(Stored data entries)
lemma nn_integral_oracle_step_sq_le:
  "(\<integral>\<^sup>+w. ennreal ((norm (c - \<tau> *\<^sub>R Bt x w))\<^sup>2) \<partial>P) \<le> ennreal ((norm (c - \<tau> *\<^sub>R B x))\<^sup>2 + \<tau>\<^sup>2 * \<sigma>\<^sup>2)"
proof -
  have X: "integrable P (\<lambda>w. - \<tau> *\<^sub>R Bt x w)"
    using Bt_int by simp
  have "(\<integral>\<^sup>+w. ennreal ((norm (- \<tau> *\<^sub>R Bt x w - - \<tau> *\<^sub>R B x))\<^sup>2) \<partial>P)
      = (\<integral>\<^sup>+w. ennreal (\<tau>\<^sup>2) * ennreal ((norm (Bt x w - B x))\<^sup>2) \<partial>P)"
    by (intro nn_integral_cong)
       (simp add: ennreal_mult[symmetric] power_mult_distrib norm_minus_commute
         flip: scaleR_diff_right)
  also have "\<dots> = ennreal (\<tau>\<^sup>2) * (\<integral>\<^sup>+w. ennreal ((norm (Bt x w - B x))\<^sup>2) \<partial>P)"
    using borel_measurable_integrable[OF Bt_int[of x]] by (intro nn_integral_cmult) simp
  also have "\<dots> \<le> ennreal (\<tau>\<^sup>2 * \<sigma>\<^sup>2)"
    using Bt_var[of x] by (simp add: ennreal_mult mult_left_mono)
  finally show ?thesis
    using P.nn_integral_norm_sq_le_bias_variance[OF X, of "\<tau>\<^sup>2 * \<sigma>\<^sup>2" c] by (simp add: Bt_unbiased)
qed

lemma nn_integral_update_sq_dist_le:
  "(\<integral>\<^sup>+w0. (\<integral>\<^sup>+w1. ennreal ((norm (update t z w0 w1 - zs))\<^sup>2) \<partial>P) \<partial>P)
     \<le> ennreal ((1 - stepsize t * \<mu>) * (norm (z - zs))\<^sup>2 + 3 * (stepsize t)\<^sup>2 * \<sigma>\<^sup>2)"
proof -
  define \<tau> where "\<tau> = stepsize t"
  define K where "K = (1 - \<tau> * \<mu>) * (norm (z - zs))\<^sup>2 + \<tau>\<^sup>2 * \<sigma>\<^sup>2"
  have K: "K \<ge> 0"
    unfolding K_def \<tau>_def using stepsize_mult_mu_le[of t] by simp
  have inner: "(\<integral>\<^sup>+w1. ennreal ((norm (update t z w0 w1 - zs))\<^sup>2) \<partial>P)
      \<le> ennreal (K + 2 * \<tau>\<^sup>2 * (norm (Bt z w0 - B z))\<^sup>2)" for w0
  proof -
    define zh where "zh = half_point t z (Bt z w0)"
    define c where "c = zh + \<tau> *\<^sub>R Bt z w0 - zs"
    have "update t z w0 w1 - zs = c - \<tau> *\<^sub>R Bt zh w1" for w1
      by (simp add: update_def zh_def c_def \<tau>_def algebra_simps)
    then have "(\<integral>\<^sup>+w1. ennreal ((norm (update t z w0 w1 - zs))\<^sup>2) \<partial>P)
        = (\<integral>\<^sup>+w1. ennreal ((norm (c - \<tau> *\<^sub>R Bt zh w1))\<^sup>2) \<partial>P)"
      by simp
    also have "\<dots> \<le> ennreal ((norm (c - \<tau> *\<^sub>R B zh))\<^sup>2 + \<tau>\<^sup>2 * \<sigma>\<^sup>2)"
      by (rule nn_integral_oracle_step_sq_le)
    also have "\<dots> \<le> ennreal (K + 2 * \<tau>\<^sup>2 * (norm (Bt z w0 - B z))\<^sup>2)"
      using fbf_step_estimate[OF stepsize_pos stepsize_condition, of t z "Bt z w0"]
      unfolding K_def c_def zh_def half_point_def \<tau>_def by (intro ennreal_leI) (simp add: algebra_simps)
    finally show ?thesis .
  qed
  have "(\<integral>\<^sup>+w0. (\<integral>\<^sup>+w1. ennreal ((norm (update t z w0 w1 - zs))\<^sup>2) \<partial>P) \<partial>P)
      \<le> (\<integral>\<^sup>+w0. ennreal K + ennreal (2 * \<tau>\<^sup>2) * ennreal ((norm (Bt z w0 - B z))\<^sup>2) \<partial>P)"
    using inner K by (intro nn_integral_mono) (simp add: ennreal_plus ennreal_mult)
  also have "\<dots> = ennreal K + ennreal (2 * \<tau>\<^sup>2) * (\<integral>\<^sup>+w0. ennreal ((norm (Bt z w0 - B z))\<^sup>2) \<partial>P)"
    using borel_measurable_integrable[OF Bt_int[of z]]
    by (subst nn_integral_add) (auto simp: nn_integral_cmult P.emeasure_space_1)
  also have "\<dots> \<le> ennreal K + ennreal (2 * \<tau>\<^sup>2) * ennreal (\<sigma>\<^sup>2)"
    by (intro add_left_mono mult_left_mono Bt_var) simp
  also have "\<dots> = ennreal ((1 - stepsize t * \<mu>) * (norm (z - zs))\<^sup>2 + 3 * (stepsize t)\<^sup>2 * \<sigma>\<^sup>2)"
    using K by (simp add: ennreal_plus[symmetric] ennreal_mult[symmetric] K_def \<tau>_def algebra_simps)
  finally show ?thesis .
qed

* * *

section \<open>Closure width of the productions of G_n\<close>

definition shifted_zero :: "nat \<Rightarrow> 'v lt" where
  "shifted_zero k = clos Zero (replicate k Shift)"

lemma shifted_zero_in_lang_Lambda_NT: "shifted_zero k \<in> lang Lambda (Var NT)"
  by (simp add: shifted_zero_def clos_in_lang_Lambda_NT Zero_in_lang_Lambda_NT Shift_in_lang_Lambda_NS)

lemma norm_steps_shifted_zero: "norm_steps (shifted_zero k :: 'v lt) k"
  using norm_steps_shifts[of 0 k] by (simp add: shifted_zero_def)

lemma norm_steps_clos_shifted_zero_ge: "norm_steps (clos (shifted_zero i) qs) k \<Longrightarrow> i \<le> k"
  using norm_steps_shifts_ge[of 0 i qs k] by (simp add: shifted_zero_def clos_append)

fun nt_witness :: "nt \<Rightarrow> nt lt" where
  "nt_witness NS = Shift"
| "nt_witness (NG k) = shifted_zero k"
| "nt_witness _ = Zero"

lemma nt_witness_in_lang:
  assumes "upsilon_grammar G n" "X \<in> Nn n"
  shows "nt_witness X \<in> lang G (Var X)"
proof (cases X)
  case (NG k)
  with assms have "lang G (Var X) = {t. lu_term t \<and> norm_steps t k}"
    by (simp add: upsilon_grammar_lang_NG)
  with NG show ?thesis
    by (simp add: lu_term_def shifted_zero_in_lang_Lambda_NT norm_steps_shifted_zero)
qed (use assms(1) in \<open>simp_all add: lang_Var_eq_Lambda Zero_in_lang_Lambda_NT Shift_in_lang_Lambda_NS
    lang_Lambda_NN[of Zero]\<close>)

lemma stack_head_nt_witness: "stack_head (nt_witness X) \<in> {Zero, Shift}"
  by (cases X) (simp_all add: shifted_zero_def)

◆ **THE PROBLEM**: Which lines of the data hold the string "with"? Return each of them.

◆ **RESULT OF THIS EXERCISE**:
  with assms have "lang G (Var X) = {t. lu_term t \<and> norm_steps t k}"
  with NG show ?thesis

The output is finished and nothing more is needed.